-- Recorded data follows --
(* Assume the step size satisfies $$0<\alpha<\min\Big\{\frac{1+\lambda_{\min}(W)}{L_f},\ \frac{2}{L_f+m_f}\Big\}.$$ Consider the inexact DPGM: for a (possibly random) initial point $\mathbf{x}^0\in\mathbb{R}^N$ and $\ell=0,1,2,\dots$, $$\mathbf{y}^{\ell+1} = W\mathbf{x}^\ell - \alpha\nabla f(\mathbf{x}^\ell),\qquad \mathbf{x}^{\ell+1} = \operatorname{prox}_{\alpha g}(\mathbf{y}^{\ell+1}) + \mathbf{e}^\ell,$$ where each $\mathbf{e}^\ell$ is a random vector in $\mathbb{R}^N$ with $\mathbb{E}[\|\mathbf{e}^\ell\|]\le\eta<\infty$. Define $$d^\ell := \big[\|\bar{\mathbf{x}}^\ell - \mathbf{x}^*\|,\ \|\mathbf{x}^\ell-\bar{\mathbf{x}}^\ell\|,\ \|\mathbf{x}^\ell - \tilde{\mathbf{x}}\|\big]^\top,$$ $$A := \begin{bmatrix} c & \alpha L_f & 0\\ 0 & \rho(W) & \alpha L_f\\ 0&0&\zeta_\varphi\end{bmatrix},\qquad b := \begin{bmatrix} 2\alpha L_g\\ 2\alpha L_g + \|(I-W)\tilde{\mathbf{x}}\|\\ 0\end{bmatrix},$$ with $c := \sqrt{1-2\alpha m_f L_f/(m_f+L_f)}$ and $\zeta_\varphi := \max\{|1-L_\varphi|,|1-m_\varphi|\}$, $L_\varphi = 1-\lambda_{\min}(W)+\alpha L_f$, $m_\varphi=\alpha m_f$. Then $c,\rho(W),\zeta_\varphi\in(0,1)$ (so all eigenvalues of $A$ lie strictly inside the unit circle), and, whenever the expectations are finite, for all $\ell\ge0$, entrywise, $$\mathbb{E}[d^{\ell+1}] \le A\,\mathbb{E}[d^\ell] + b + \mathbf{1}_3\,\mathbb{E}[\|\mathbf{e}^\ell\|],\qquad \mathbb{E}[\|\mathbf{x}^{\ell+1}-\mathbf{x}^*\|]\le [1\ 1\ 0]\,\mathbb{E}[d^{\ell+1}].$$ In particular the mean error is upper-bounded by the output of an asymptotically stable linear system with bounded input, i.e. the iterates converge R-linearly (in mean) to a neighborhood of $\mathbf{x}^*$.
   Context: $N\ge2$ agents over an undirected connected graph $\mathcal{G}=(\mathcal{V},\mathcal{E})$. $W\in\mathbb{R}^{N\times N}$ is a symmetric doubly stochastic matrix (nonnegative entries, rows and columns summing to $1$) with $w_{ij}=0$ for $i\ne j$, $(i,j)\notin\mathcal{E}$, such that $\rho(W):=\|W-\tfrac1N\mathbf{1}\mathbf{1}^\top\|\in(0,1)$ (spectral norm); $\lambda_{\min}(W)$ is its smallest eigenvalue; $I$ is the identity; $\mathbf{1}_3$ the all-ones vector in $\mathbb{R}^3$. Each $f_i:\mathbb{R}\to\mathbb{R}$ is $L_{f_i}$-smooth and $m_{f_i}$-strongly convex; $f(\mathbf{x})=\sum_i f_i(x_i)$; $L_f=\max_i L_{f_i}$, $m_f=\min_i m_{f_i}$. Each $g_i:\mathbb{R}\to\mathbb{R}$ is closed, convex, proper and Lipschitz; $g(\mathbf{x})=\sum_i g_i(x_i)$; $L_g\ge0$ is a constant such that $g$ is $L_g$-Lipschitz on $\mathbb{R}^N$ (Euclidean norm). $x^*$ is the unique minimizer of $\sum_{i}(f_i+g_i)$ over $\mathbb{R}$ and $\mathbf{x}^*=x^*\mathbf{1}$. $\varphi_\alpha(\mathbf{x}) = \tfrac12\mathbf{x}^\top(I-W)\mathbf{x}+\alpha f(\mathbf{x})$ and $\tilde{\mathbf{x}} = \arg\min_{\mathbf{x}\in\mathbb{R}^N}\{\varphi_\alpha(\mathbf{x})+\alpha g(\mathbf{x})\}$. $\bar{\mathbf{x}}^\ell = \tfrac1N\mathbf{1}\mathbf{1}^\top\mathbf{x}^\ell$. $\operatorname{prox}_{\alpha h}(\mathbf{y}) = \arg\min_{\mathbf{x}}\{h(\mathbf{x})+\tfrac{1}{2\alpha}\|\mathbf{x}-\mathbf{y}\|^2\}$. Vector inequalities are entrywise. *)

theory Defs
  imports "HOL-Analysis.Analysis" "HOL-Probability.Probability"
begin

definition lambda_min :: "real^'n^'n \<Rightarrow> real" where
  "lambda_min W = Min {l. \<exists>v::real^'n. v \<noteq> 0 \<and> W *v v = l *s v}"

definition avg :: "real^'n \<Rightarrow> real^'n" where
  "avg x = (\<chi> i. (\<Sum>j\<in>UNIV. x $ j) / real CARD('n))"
-- Recorded data concluded --
▸ Your assignment: The material above should be returned exactly, in full.

▸ Answer area:
(* Assume the step size satisfies $$0<\alpha<\min\Big\{\frac{1+\lambda_{\min}(W)}{L_f},\ \frac{2}{L_f+m_f}\Big\}.$$ Consider the inexact DPGM: for a (possibly random) initial point $\mathbf{x}^0\in\mathbb{R}^N$ and $\ell=0,1,2,\dots$, $$\mathbf{y}^{\ell+1} = W\mathbf{x}^\ell - \alpha\nabla f(\mathbf{x}^\ell),\qquad \mathbf{x}^{\ell+1} = \operatorname{prox}_{\alpha g}(\mathbf{y}^{\ell+1}) + \mathbf{e}^\ell,$$ where each $\mathbf{e}^\ell$ is a random vector in $\mathbb{R}^N$ with $\mathbb{E}[\|\mathbf{e}^\ell\|]\le\eta<\infty$. Define $$d^\ell := \big[\|\bar{\mathbf{x}}^\ell - \mathbf{x}^*\|,\ \|\mathbf{x}^\ell-\bar{\mathbf{x}}^\ell\|,\ \|\mathbf{x}^\ell - \tilde{\mathbf{x}}\|\big]^\top,$$ $$A := \begin{bmatrix} c & \alpha L_f & 0\\ 0 & \rho(W) & \alpha L_f\\ 0&0&\zeta_\varphi\end{bmatrix},\qquad b := \begin{bmatrix} 2\alpha L_g\\ 2\alpha L_g + \|(I-W)\tilde{\mathbf{x}}\|\\ 0\end{bmatrix},$$ with $c := \sqrt{1-2\alpha m_f L_f/(m_f+L_f)}$ and $\zeta_\varphi := \max\{|1-L_\varphi|,|1-m_\varphi|\}$, $L_\varphi = 1-\lambda_{\min}(W)+\alpha L_f$, $m_\varphi=\alpha m_f$. Then $c,\rho(W),\zeta_\varphi\in(0,1)$ (so all eigenvalues of $A$ lie strictly inside the unit circle), and, whenever the expectations are finite, for all $\ell\ge0$, entrywise, $$\mathbb{E}[d^{\ell+1}] \le A\,\mathbb{E}[d^\ell] + b + \mathbf{1}_3\,\mathbb{E}[\|\mathbf{e}^\ell\|],\qquad \mathbb{E}[\|\mathbf{x}^{\ell+1}-\mathbf{x}^*\|]\le [1\ 1\ 0]\,\mathbb{E}[d^{\ell+1}].$$ In particular the mean error is upper-bounded by the output of an asymptotically stable linear system with bounded input, i.e. the iterates converge R-linearly (in mean) to a neighborhood of $\mathbf{x}^*$.
   Context: $N\ge2$ agents over an undirected connected graph $\mathcal{G}=(\mathcal{V},\mathcal{E})$. $W\in\mathbb{R}^{N\times N}$ is a symmetric doubly stochastic matrix (nonnegative entries, rows and columns summing to $1$) with $w_{ij}=0$ for $i\ne j$, $(i,j)\notin\mathcal{E}$, such that $\rho(W):=\|W-\tfrac1N\mathbf{1}\mathbf{1}^\top\|\in(0,1)$ (spectral norm); $\lambda_{\min}(W)$ is its smallest eigenvalue; $I$ is the identity; $\mathbf{1}_3$ the all-ones vector in $\mathbb{R}^3$. Each $f_i:\mathbb{R}\to\mathbb{R}$ is $L_{f_i}$-smooth and $m_{f_i}$-strongly convex; $f(\mathbf{x})=\sum_i f_i(x_i)$; $L_f=\max_i L_{f_i}$, $m_f=\min_i m_{f_i}$. Each $g_i:\mathbb{R}\to\mathbb{R}$ is closed, convex, proper and Lipschitz; $g(\mathbf{x})=\sum_i g_i(x_i)$; $L_g\ge0$ is a constant such that $g$ is $L_g$-Lipschitz on $\mathbb{R}^N$ (Euclidean norm). $x^*$ is the unique minimizer of $\sum_{i}(f_i+g_i)$ over $\mathbb{R}$ and $\mathbf{x}^*=x^*\mathbf{1}$. $\varphi_\alpha(\mathbf{x}) = \tfrac12\mathbf{x}^\top(I-W)\mathbf{x}+\alpha f(\mathbf{x})$ and $\tilde{\mathbf{x}} = \arg\min_{\mathbf{x}\in\mathbb{R}^N}\{\varphi_\alpha(\mathbf{x})+\alpha g(\mathbf{x})\}$. $\bar{\mathbf{x}}^\ell = \tfrac1N\mathbf{1}\mathbf{1}^\top\mathbf{x}^\ell$. $\operatorname{prox}_{\alpha h}(\mathbf{y}) = \arg\min_{\mathbf{x}}\{h(\mathbf{x})+\tfrac{1}{2\alpha}\|\mathbf{x}-\mathbf{y}\|^2\}$. Vector inequalities are entrywise. *)

theory Defs
  imports "HOL-Analysis.Analysis" "HOL-Probability.Probability"
begin

definition lambda_min :: "real^'n^'n \<Rightarrow> real" where
  "lambda_min W = Min {l. \<exists>v::real^'n. v \<noteq> 0 \<and> W *v v = l *s v}"

definition avg :: "real^'n \<Rightarrow> real^'n" where
  "avg x = (\<chi> i. (\<Sum>j\<in>UNIV. x $ j) / real CARD('n))"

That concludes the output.